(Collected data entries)
>>
lemma characterizes_eq_all:
  assumes "1 \<le> n" "fits_ex v n" "fits_all v n"
  shows "characterizes n (alt QAll (Suc v), eq_all v n 0 Cmin Cmax)"
  using qf_vars_eq_all[of v n 0 Cmin Cmax] prefix_sat_eq_all[of "[]" _ Cmin Cmax, OF _ _ _ assms]
  by (auto simp: characterizes_def is_sentence_def holds_in_L_def simp del: alt.simps)

lemma characterizes_eq_ex:
  assumes "2 \<le> n" "\<forall>h\<in>{n div 2, (n + 1) div 2}. fits_ex v h \<and> fits_all v h"
  shows "characterizes n (alt QEx (Suc (Suc v)), eq_ex v n 0 Cmin Cmax)"
  using qf_vars_eq_ex[of v n 0 Cmin Cmax] prefix_sat_eq_ex[of "[]" _ Cmin Cmax, OF _ _ _ assms]
  by (auto simp: characterizes_def is_sentence_def holds_in_L_def simp del: alt.simps)

section \<open>Counting quantifiers\<close>

lemma fits_Suc: "(fits_ex v n \<longrightarrow> fits_ex (Suc v) n) \<and> (fits_all v n \<longrightarrow> fits_all (Suc v) n)"
proof (induction v arbitrary: n)
  case (Suc v)
  then show ?case by (simp only: fits_ex.simps fits_all.simps) blast
qed simp

text \<open>\<open>qstar n\<close> reaches \<open>2 * i + 1\<close> at \<open>n = thr i\<close> and \<open>2 * i + 2\<close> at \<open>n = 2 * thr i\<close>;
  the same thresholds bound the gaps that fit into \<open>2 * i + 1\<close> and \<open>2 * i\<close> quantifiers.\<close>

primrec thr :: "nat \<Rightarrow> nat" where
  "thr 0 = 1"
| "thr (Suc i) = 4 * thr i - 1"

lemma thr_pos: "1 \<le> thr i"
  by (induction i) auto

lemma thr_gt: "i < thr i"
  by (induction i) (use thr_pos in auto)

lemma fits_thr: "(n \<le> 2 * thr i \<longrightarrow> fits_ex (2 * i + 1) n) \<and> (n \<le> thr i \<longrightarrow> fits_all (2 * i) n)"
proof (induction i arbitrary: n)
  case 0
  have "(n + 1) div 2 \<le> 1 \<and> n div 2 \<le> 1" if "n \<le> 2"
    using that by presburger
  then show ?case by (auto simp: numeral_eq_Suc)
next
  case (Suc i)
  have all: "fits_all (2 * Suc i) n" if "n \<le> thr (Suc i)" for n
  proof -
    have "n div 2 + 1 \<le> 2 * thr i" "(n + 1) div 2 \<le> 2 * thr i"
      using that thr_pos[of i] by auto
    then have "fits_ex (2 * i + 1) (n div 2 + 1)" "fits_ex (2 * i + 1) ((n + 1) div 2)"
      using Suc.IH by auto
    then show ?thesis by (simp add: numeral_eq_Suc)
  qed
  have "fits_ex (2 * Suc i + 1) n" if "n \<le> 2 * thr (Suc i)" for n
  proof -
    have "(n + 1) div 2 \<le> thr (Suc i)" "n div 2 \<le> thr (Suc i)"
      using that by auto
    then show ?thesis using all by simp
  qed
  with all show ?case by blast
qed

lemma fits_le_double_thr: "n \<le> 2 * thr i \<Longrightarrow> fits_ex (2 * i + 2) n \<and> fits_all (2 * i + 2) n"
  using fits_thr[of n i] fits_thr[of n "Suc i"] fits_Suc[of "2 * i + 1" n] thr_pos[of i]
  by auto

declare qstarE.simps [simp del] qstarA.simps [simp del]

lemma qstarE_eq: "qstarE n = (if n \<le> 1 then 2 else qstarA ((n + 1) div 2) + 1)"
  by (subst qstarE.simps) (auto elim!: evenE oddE)

lemma qstar_thr:
  "(thr i \<le> n \<longrightarrow> 2 * i + 1 \<le> qstarE n \<and> 2 * i + 1 \<le> qstarA n) \<and>
   (2 * thr i \<le> n + 1 \<longrightarrow> 2 * i + 2 \<le> qstarE n) \<and>
   (2 * thr i \<le> n \<longrightarrow> 2 * i + 2 \<le> qstarA n)"
proof (induction i arbitrary: n)
  case 0
  have pos: "1 \<le> qstarA n" "1 \<le> qstarE n" for n
    by (simp_all add: qstarA.simps[of n] qstarE_eq[of n])
  show ?case
    using pos by (auto simp: qstarA.simps[of n] qstarE_eq[of n])
next
  case (Suc i)
  have odd_step: "2 * Suc i + 1 \<le> qstarE n \<and> 2 * Suc i + 1 \<le> qstarA n" if "thr (Suc i) \<le> n" for n
  proof -
    have "3 \<le> n" "2 * thr i \<le> (n + 1) div 2" "2 * thr i \<le> n div 2 + 1"
      using that thr_pos[of i] by auto
    then show ?thesis
      using Suc.IH[of "(n + 1) div 2"] Suc.IH[of "n div 2"] by (simp add: qstarA.simps[of n] qstarE_eq[of n])
  qed
  have "2 * Suc i + 2 \<le> qstarE n" if "2 * thr (Suc i) \<le> n + 1" for n
  proof -
    have "3 \<le> n" "thr (Suc i) \<le> (n + 1) div 2"
      using that thr_pos[of i] by auto
    then show ?thesis
      using odd_step[of "(n + 1) div 2"] by (simp add: qstarE_eq[of n])
  qed
  moreover have "2 * Suc i + 2 \<le> qstarA n" if "2 * thr (Suc i) \<le> n" for n
  proof -
    have "3 \<le> n" "thr (Suc i) \<le> n div 2"
      using that thr_pos[of i] by auto
    then show ?thesis
      using odd_step[of "n div 2"] by (simp add: qstarA.simps[of n])
  qed
  ultimately show ?case
    using odd_step by blast
qed

lemma thr_cover: "1 \<le> n \<Longrightarrow> \<exists>i. thr i \<le> n \<and> n \<le> 2 * thr i \<or> 2 * thr i < n \<and> n < thr (Suc i)"
proof -
  assume "1 \<le> n"
  have "n < thr j \<Longrightarrow> \<exists>i. thr i \<le> n \<and> n \<le> 2 * thr i \<or> 2 * thr i < n \<and> n < thr (Suc i)" for j
  proof (induction j)
    case 0
    with \<open>1 \<le> n\<close> show ?case by simp
  next
    case (Suc j)
    then show ?case
      by (cases "n < thr j") (auto simp: not_less intro: exI[of _ j])
  qed
  then show ?thesis
    using thr_gt[of n] by blast
qed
<<
**About this task:**
Only the count, nothing else: how many lines of the records hold the word "assumes"?

**Solution for this task:**
2